*** EXTRACTED RECORDS

lemma card_lattice_box:
  assumes "I \<subseteq> {0..<m}"
  shows "card (lattice_box m I d) = card I * nat d"
proof -
  have "inj_on (\<lambda>(i, j). i + m * j) (I \<times> {0..<d})"
  proof (rule inj_onI)
    fix x y assume "x \<in> I \<times> {0..<d}" "y \<in> I \<times> {0..<d}"
      and eq: "(\<lambda>(i, j). i + m * j) x = (\<lambda>(i, j). i + m * j) y"
    moreover obtain i1 j1 i2 j2 where xy: "x = (i1, j1)" "y = (i2, j2)" by fastforce
    ultimately have i: "i1 \<in> {0..<m}" "i2 \<in> {0..<m}" and eq': "i1 + m * j1 = i2 + m * j2"
      using assms by auto
    have "i1 = (i1 + m * j1) mod m" using i by simp
    also have "\<dots> = i2" using eq' i by simp
    finally have "i1 = i2" .
    with eq' i show "x = y" using xy by auto
  qed
  then show ?thesis unfolding lattice_box_def by (simp add: card_image card_cartesian_product)
qed

lemma lattice_box_subset:
  assumes "I \<subseteq> {0..<m}"
  shows "lattice_box m I d \<subseteq> {0..<m * d}"
proof
  fix t assume "t \<in> lattice_box m I d"
  then obtain i j where ij: "i \<in> I" "0 \<le> j" "j < d" "t = i + m * j"
    unfolding lattice_box_def by auto
  have "m * j \<le> m * (d - 1)" using ij assms by (intro mult_left_mono) auto
  then show "t \<in> {0..<m * d}" using ij assms by (auto simp: algebra_simps)
qed
(* For every $\delta<\frac{1}{2e^4}$, every $T>0$ and every $\Delta>0$, there exists an ergodic MDP $\mathcal{M}$ with $S=3$ states, $A=2$ actions and optimal bias span $H=1/2$ such that any algorithm that computes a $\Delta$-tight upper bound for the optimal bias span with probability $1-\delta$, using a generative model, uses in expectation more than $T$ samples when run on $\mathcal{M}$.
   Context: A (finite) MDP is a tuple $(\mathcal{S},\mathcal{A},P,r)$ with $|\mathcal{S}|=S$, $|\mathcal{A}|=A$, transition kernel $P$ (with $p_{s,a}$ the distribution of the next state from $(s,a)$) and reward distributions $r(s,a)$ supported in $[0,1]$ with mean $\bar r_{s,a}$. An MDP is ergodic if for every stationary deterministic policy and every pair of states $s,s'$ the expected hitting time of $s'$ from $s$ is finite. For a stationary policy $\pi$, the gain is $g_\pi(s)=\lim_{T\to\infty}\frac1T\mathbb{E}_\pi[\sum_{t=0}^{T-1}r_t\mid s_0=s]$. In such an MDP the optimal gain $g^\star$ is a constant and there is a vector $b^\star\in\mathbb{R}^S$ (unique up to an additive constant) with $g^\star+b^\star(s)=\max_a\{\bar r_{s,a}+p_{s,a}b^\star\}$ for all $s$, namely the bias vector $b_\pi=\sum_{t\ge1}(P_\pi^{t-1}-\bar P_\pi)\bar r_\pi$ of the optimal policy, where $\bar P_\pi=\lim_T\frac1T\sum_{t=1}^TP_\pi^{t-1}$. The optimal bias span is $H=\max_s b^\star(s)-\min_s b^\star(s)$. A generative model allows the algorithm, at each step, to choose any pair $(s,a)$ and observe an independent reward sample $r\sim r(s,a)$ and next state $s'\sim p_{s,a}$; the number of samples is the number of such queries before the algorithm stops. An algorithm computes a $\Delta$-tight upper bound for the optimal bias span with probability $1-\delta$ if, on every MDP with optimal bias span $H$, it outputs $\hat H$ with $\mathbb{P}(H\le\hat H\le H+\Delta)\ge1-\delta$. *)

theory Defs
  imports "HOL-Probability.Probability"
begin

record ('s, 'a) mdp =
  trans :: "'s \<Rightarrow> 'a \<Rightarrow> 's pmf"
  rew   :: "'s \<Rightarrow> 'a \<Rightarrow> real pmf"

definition valid_mdp :: "('s, 'a) mdp \<Rightarrow> bool" where
  "valid_mdp M \<longleftrightarrow> (\<forall>s a. set_pmf (rew M s a) \<subseteq> {0..1})"

definition mean_rew :: "('s, 'a) mdp \<Rightarrow> 's \<Rightarrow> 'a \<Rightarrow> real" where
  "mean_rew M s a = measure_pmf.expectation (rew M s a) (\<lambda>x. x)"

(* Probability that the Markov chain of the stationary deterministic policy pol,
   started in x, has not visited the target state t at times 0,...,n. *)
fun avoid_prob :: "('s::finite, 'a) mdp \<Rightarrow> ('s \<Rightarrow> 'a) \<Rightarrow> 's \<Rightarrow> nat \<Rightarrow> 's \<Rightarrow> real" where
  "avoid_prob M pol t 0 x = (if x = t then 0 else 1)"
| "avoid_prob M pol t (Suc n) x =
     (if x = t then 0 else (\<Sum>y\<in>UNIV. pmf (trans M x (pol x)) y * avoid_prob M pol t n y))"

(* Expected hitting time E[tau] of t from s, tau = min {n. s_n = t}, via E[tau] = \<Sum>_n P(tau > n). *)
definition expected_hitting_time :: "('s::finite, 'a) mdp \<Rightarrow> ('s \<Rightarrow> 'a) \<Rightarrow> 's \<Rightarrow> 's \<Rightarrow> ennreal" where
  "expected_hitting_time M pol s t = (\<Sum>n. ennreal (avoid_prob M pol t n s))"

definition ergodic :: "('s::finite, 'a) mdp \<Rightarrow> bool" where
  "ergodic M \<longleftrightarrow> (\<forall>pol s t. expected_hitting_time M pol s t < \<infinity>)"

definition optimality_eq :: "('s::finite, 'a::finite) mdp \<Rightarrow> real \<Rightarrow> ('s \<Rightarrow> real) \<Rightarrow> bool" where
  "optimality_eq M g b \<longleftrightarrow>
     (\<forall>s. g + b s = Max (range (\<lambda>a. mean_rew M s a + (\<Sum>s'\<in>UNIV. pmf (trans M s a) s' * b s'))))"

definition span :: "('s::finite \<Rightarrow> real) \<Rightarrow> real" where
  "span b = Max (range b) - Min (range b)"

(* optimal bias span H = max b* - min b*, where b* is the (up to constants unique) solution *)
definition opt_bias_span :: "('s::finite, 'a::finite) mdp \<Rightarrow> real" where
  "opt_bias_span M = (THE h. \<exists>g b. optimality_eq M g b \<and> h = span b)"

type_synonym ('s, 'a) history = "('s \<times> 'a \<times> real \<times> 's) list"

datatype ('s, 'a) decision = Query 's 'a | Stop real

type_synonym ('s, 'a) algorithm = "('s, 'a) history \<Rightarrow> ('s, 'a) decision pmf"

datatype ('s, 'a) config = Running "('s, 'a) history" | Done "('s, 'a) history" real

fun step_conf :: "('s, 'a) mdp \<Rightarrow> ('s, 'a) algorithm \<Rightarrow> ('s, 'a) config \<Rightarrow> ('s, 'a) config pmf" where
  "step_conf M alg (Running h) =
     bind_pmf (alg h) (\<lambda>d. case d of
        Stop x \<Rightarrow> return_pmf (Done h x)
      | Query s a \<Rightarrow> bind_pmf (rew M s a) (\<lambda>r. bind_pmf (trans M s a)
                       (\<lambda>s'. return_pmf (Running (h @ [(s, a, r, s')])))))"
| "step_conf M alg (Done h x) = return_pmf (Done h x)"

fun run :: "('s, 'a) mdp \<Rightarrow> ('s, 'a) algorithm \<Rightarrow> nat \<Rightarrow> ('s, 'a) config pmf" where
  "run M alg 0 = return_pmf (Running [])"
| "run M alg (Suc n) = bind_pmf (run M alg n) (step_conf M alg)"

fun is_running :: "('s, 'a) config \<Rightarrow> bool" where
  "is_running (Running _) = True"
| "is_running (Done _ _) = False"

(* The number N of samples satisfies N > n iff the algorithm is still running after n+1 steps.
   Expected number of samples E[N] = \<Sum>_n P(N > n) (= \<infinity> if the algorithm may not stop). *)
definition expected_samples :: "('s, 'a) mdp \<Rightarrow> ('s, 'a) algorithm \<Rightarrow> ennreal" where
  "expected_samples M alg = (\<Sum>n. ennreal (measure_pmf.prob (run M alg (Suc n)) {c. is_running c}))"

******

**YOUR INSTRUCTIONS:** Please transcribe the lines from the one containing "0 = return_pmf" through the last line of the records. Include both ends and nothing else.

**COMPLETED EXERCISE:**
  "run M alg 0 = return_pmf (Running [])"
| "run M alg (Suc n) = bind_pmf (run M alg n) (step_conf M alg)"

fun is_running :: "('s, 'a) config \<Rightarrow> bool" where
  "is_running (Running _) = True"
| "is_running (Done _ _) = False"

(* The number N of samples satisfies N > n iff the algorithm is still running after n+1 steps.
   Expected number of samples E[N] = \<Sum>_n P(N > n) (= \<infinity> if the algorithm may not stop). *)
definition expected_samples :: "('s, 'a) mdp \<Rightarrow> ('s, 'a) algorithm \<Rightarrow> ennreal" where
  "expected_samples M alg = (\<Sum>n. ennreal (measure_pmf.prob (run M alg (Suc n)) {c. is_running c}))"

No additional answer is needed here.